“No,” I said, angrily. “That night.”
Del picked up the muffin and set it back on her plate.
“His eyes were closed.”
“Did you feel for a pulse?”
“Of course I wouldn’t touch him! There was blood, around his head. What are you saying?” Del stood. She pulled Randy’s shirt tight around her.
Perhaps I had lost the plot. Alive? Dead? I could no longer tell the difference.
Del moved over to one of the wing chairs and fell into it. “He couldn’t have gotten out of there. We had his phone,” she said.
“It might not even be him,” I said. I tried to keep my voice calm. “Lots of people have odd hats. Even you.” I laughed, and reminded her of the day she’d been trying on the hats. I sat down in the chair across from her. “Why don’t you finish your breakfast.”
“It was him,” Del said. She picked at the tapestried upholstery, pulling threads loose.
I waited for her to insist she wasn’t crazy, but she did not. She decided we should visit Sybil Townsend in the encampment. Partly to appease her, and partly because I felt in need of guidance and lacked anyone else to offer it, I agreed. I warned Del she couldn’t tell Sybil the truth. “We can’t really trust her,” I said.
We walked the same route we’d taken the night of the snowstorm with William. Now, window boxes of pansies decorated the houses’ front porches.
“What do we ask her?” Del kept so close beside me, she bumped my shoulder.
“Let me talk.” I had no idea what I would say. Could Del see William as I did? I had considered that possibility when she’d gotten sick as a teenager. Could she have been following the dead around town? Conversing with them? This seemed unbelievable, and I told myself it was wishful thinking—but maybe she couldn’t accept the voices she heard and the people she saw who asked her to follow. Maybe her breakdown had been a result.

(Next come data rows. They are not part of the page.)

lemma card_homs_pow:
  assumes "is_fds S f" "finite V" "E \<subseteq> V \<times> V"
  shows "card (homs V E (pow_carrier k S) (pow_map f)) = card (homs V E S f) ^ k"
proof (induction k)
  case 0
  have "homs V E (pow_carrier 0 S) (pow_map f) = {\<lambda>x\<in>V. []}"
    using assms(3) by (auto simp: homs_def pow_carrier_def pow_map_def PiE_def extensional_def fun_eq_iff)
  then show ?case
    by simp
next
  case (Suc k)
  have "card (homs V E (pow_carrier (Suc k) S) (pow_map f)) =
        card (homs V E (S \<times> pow_carrier k S) (map_prod f (pow_map f)))"
    using assms fds_iso_Cons_pow
    by (intro card_homs_eq_if_fds_iso[symmetric] is_fds_prod is_fds_pow)
  also have "\<dots> = card (homs V E S f) ^ Suc k"
    by (simp add: Suc.IH card_homs_prod[OF assms(3)])
  finally show ?case .
qed

lemma card_homs_eq_if_pow_iso:
  assumes "k \<ge> 1" "is_fds S f" "is_fds T g"
    and "fds_iso (pow_carrier k S) (pow_map f) (pow_carrier k T) (pow_map g)"
    and "finite V" "E \<subseteq> V \<times> V"
  shows "card (homs V E S f) = card (homs V E T g)"
proof -
  have "card (homs V E S f) ^ k = card (homs V E (pow_carrier k S) (pow_map f))"
    by (rule card_homs_pow[OF assms(2,5,6), symmetric])
  also have "\<dots> = card (homs V E (pow_carrier k T) (pow_map g))"
    by (rule card_homs_eq_if_fds_iso[OF is_fds_pow[OF assms(2)] is_fds_pow[OF assms(3)] assms(4-6)])
  also have "\<dots> = card (homs V E T g) ^ k"
    by (rule card_homs_pow[OF assms(3,5,6)])
  finally show ?thesis
    using assms(1) by (simp add: power_eq_iff_eq_base)
qed

lemma fds_embedding_if_card_inj_homs_le:
  assumes "is_fds S f" "finite T"
    and inj_homs_le: "\<And>V E. finite (V :: nat set) \<Longrightarrow> E \<subseteq> V \<times> V \<Longrightarrow>
                        card (inj_homs V E S f) \<le> card (inj_homs V E T g)"
  shows "\<exists>h. inj_on h S \<and> h ` S \<subseteq> T \<and> (\<forall>x\<in>S. h (f x) = g (h x))"
proof -
  have S: "finite S" "\<forall>x\<in>S. f x \<in> S"
    using assms(1) by (auto simp: is_fds_def)
  obtain e :: "'a \<Rightarrow> nat" where e: "inj_on e S"
    using finite_imp_inj_to_nat_seg[OF S(1)] by blast
  txt \<open>A copy of the functional graph of \<open>f\<close>, on which the inverse of \<open>e\<close> is an injective
    homomorphism into \<open>S\<close>.\<close>
  define V where "V = e ` S"
  define E where "E = (\<lambda>x. (e x, e (f x))) ` S"
  have V: "finite V" "E \<subseteq> V \<times> V"
    using S unfolding V_def E_def by auto
  have "restrict (the_inv_into S e) V \<in> inj_homs V E S f"
    using e S(2) unfolding V_def E_def
    by (auto simp: inj_homs_def homs_def the_inv_into_f_f inj_on_def)
  then have "card (inj_homs V E S f) \<noteq> 0"
    using finite_inj_homs[OF V(1) S(1)] by auto
  then have "inj_homs V E T g \<noteq> {}"
    using inj_homs_le[OF V] by auto
  then obtain h where h: "h \<in> inj_homs V E T g"
    by blast
  have "inj_on (h \<circ> e) S" "(h \<circ> e) ` S \<subseteq> T" "\<forall>x\<in>S. (h \<circ> e) (f x) = g ((h \<circ> e) x)"
    using h e unfolding inj_homs_def homs_def V_def E_def by (auto intro: comp_inj_on)
  then show ?thesis
    by blast
qed

lemma fds_iso_if_embedding_card_le:
  assumes "inj_on h S" "h ` S \<subseteq> T" "\<forall>x\<in>S. h (f x) = g (h x)" "finite T" "card T \<le> card S"
  shows "fds_iso S f T g"
proof -
  have "h ` S = T"
    using assms(1,2,4,5) by (metis card_image card_seteq)
  then show ?thesis
    using assms(1,3) by (auto simp: fds_iso_def bij_betw_def)
qed

theorem mainTheorem3:
  fixes S :: "'a set" and f :: "'a \<Rightarrow> 'a" and T :: "'b set" and g :: "'b \<Rightarrow> 'b"
    and k :: nat
  assumes "k \<ge> 1"
    and "is_fds S f" and "is_fds T g"
    and "fds_iso (pow_carrier k S) (pow_map f) (pow_carrier k T) (pow_map g)"
  shows "fds_iso S f T g"
proof -
  have finite_ST: "finite S" "finite T"
    using assms(2,3) by (auto simp: is_fds_def)
  have homs_eq: "card (homs V E S f) = card (homs V E T g)"
    if "finite (V :: nat set)" "E \<subseteq> V \<times> V" for V E
    using card_homs_eq_if_pow_iso[OF assms that] .
  have inj_homs_eq: "card (inj_homs V E S f) = card (inj_homs V E T g)"
    if "finite (V :: nat set)" "E \<subseteq> V \<times> V" for V E
    using card_inj_homs_eq_if_card_homs_eq[OF finite_ST homs_eq that] .
  have "\<exists>h. inj_on h S \<and> h ` S \<subseteq> T \<and> (\<forall>x\<in>S. h (f x) = g (h x))"
    by (rule fds_embedding_if_card_inj_homs_le[OF assms(2) finite_ST(2)]) (simp add: inj_homs_eq)
  then obtain h where h: "inj_on h S" "h ` S \<subseteq> T" "\<forall>x\<in>S. h (f x) = g (h x)"
    by blast
  have "\<exists>h'. inj_on h' T \<and> h' ` T \<subseteq> S \<and> (\<forall>y\<in>T. h' (g y) = f (h' y))"
    by (rule fds_embedding_if_card_inj_homs_le[OF assms(3) finite_ST(1)]) (simp add: inj_homs_eq)
  then obtain h' where "inj_on h' T" "h' ` T \<subseteq> S"
    by blast
  then have "card T \<le> card S"
    using finite_ST(1) by (rule card_inj_on_le)
  then show ?thesis
    by (rule fds_iso_if_embedding_card_le[OF h finite_ST(2)])
qed

end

The encampment path was muddy. The brook had swelled its banks, and the rank mud smell was almost overpowering. Under the pine shade patches of snow remained, the tarps stained and faded in comparison. Daylight revealed the camp for what it was—harsh, dirty. Without the cover of darkness and the enchantment of the strung twinkling lights, the place lost any aspect of magic. No one glanced up to spot us or wave hello. The people moved between tents, or traversed the narrow paths, bundled in grubby winter clothes. I hesitated, but Del tugged on my arm and we set off farther down the path, farther into the smoke from the fires, the odor of rotting garbage. Some of the inhabitants, wrapped in blankets, came out of their tents. They stood in front of the entrance flaps, stern and protective. A man approached us and shouted at us, demanding to know what we wanted.
“We’re looking for Sybil Townsend,” Del said.
The man, older, wearing mismatched gloves, marched in place in the mud, the mud squelching around his shoes.
“What do you want with her?” he asked, like a sentinel. His breath was foul, tainted by whiskey and coffee and bad teeth.
“I want to talk with her,” Del said.
The old man gave us a strange look with his head to the side. He was blind in one eye, the color a vague and milky blue. With the good eye he was looking us up and down. I didn’t know why Del believed she would be recognized.
“She knows me,” Del said.
I smelled something cooking, a heavy scent of fatty broth.
“She’s not here,” the man said, roughly. He turned from us and walked away down the path, his shoes sinking into the mud. Del began to follow him.
“What do you think you’re doing?” he shouted into the air ahead of him. He seemed astounded.
People put their heads out from under the tarps. Tent flaps opened, and I glimpsed the insides, the piles of bedding, the low-lit lamps. From one tent came the spicy scent of Constant Comment tea. “You’re insufferably persistent,” the man said, continuing to tromp away from us.
Once, he may have lectured children this way as a severe parent or a schoolteacher.
“Can you tell us where she’s gone, then?” Del begged.
The man stopped. He was waiting for us to go. Neither of us moved. And then his shoulders seemed to relax, and Sybil Townsend approached, picking her way along the path toward us, chuckling.
“Oh, I can’t hide from you two,” she said.
Del hugged Sybil. In the daylight she was younger than I’d thought. She was missing a tooth. I regretted agreeing to come. What could she possibly relay? Still, I let her lead us down the path to a tarp stretched over wooden posts, and we sat beneath it at a small table, the legs of the chairs sinking into the earth, Sybil in her layer of brightly colored shawls.
“I had a shop once,” she told me. “I sold books, and incense, and that sort of thing.” The breeze buffeted the tarp like a parachute. A distant radio played jazz. “I was chased out by the townspeople,” she said, her laugh deep and rheumy.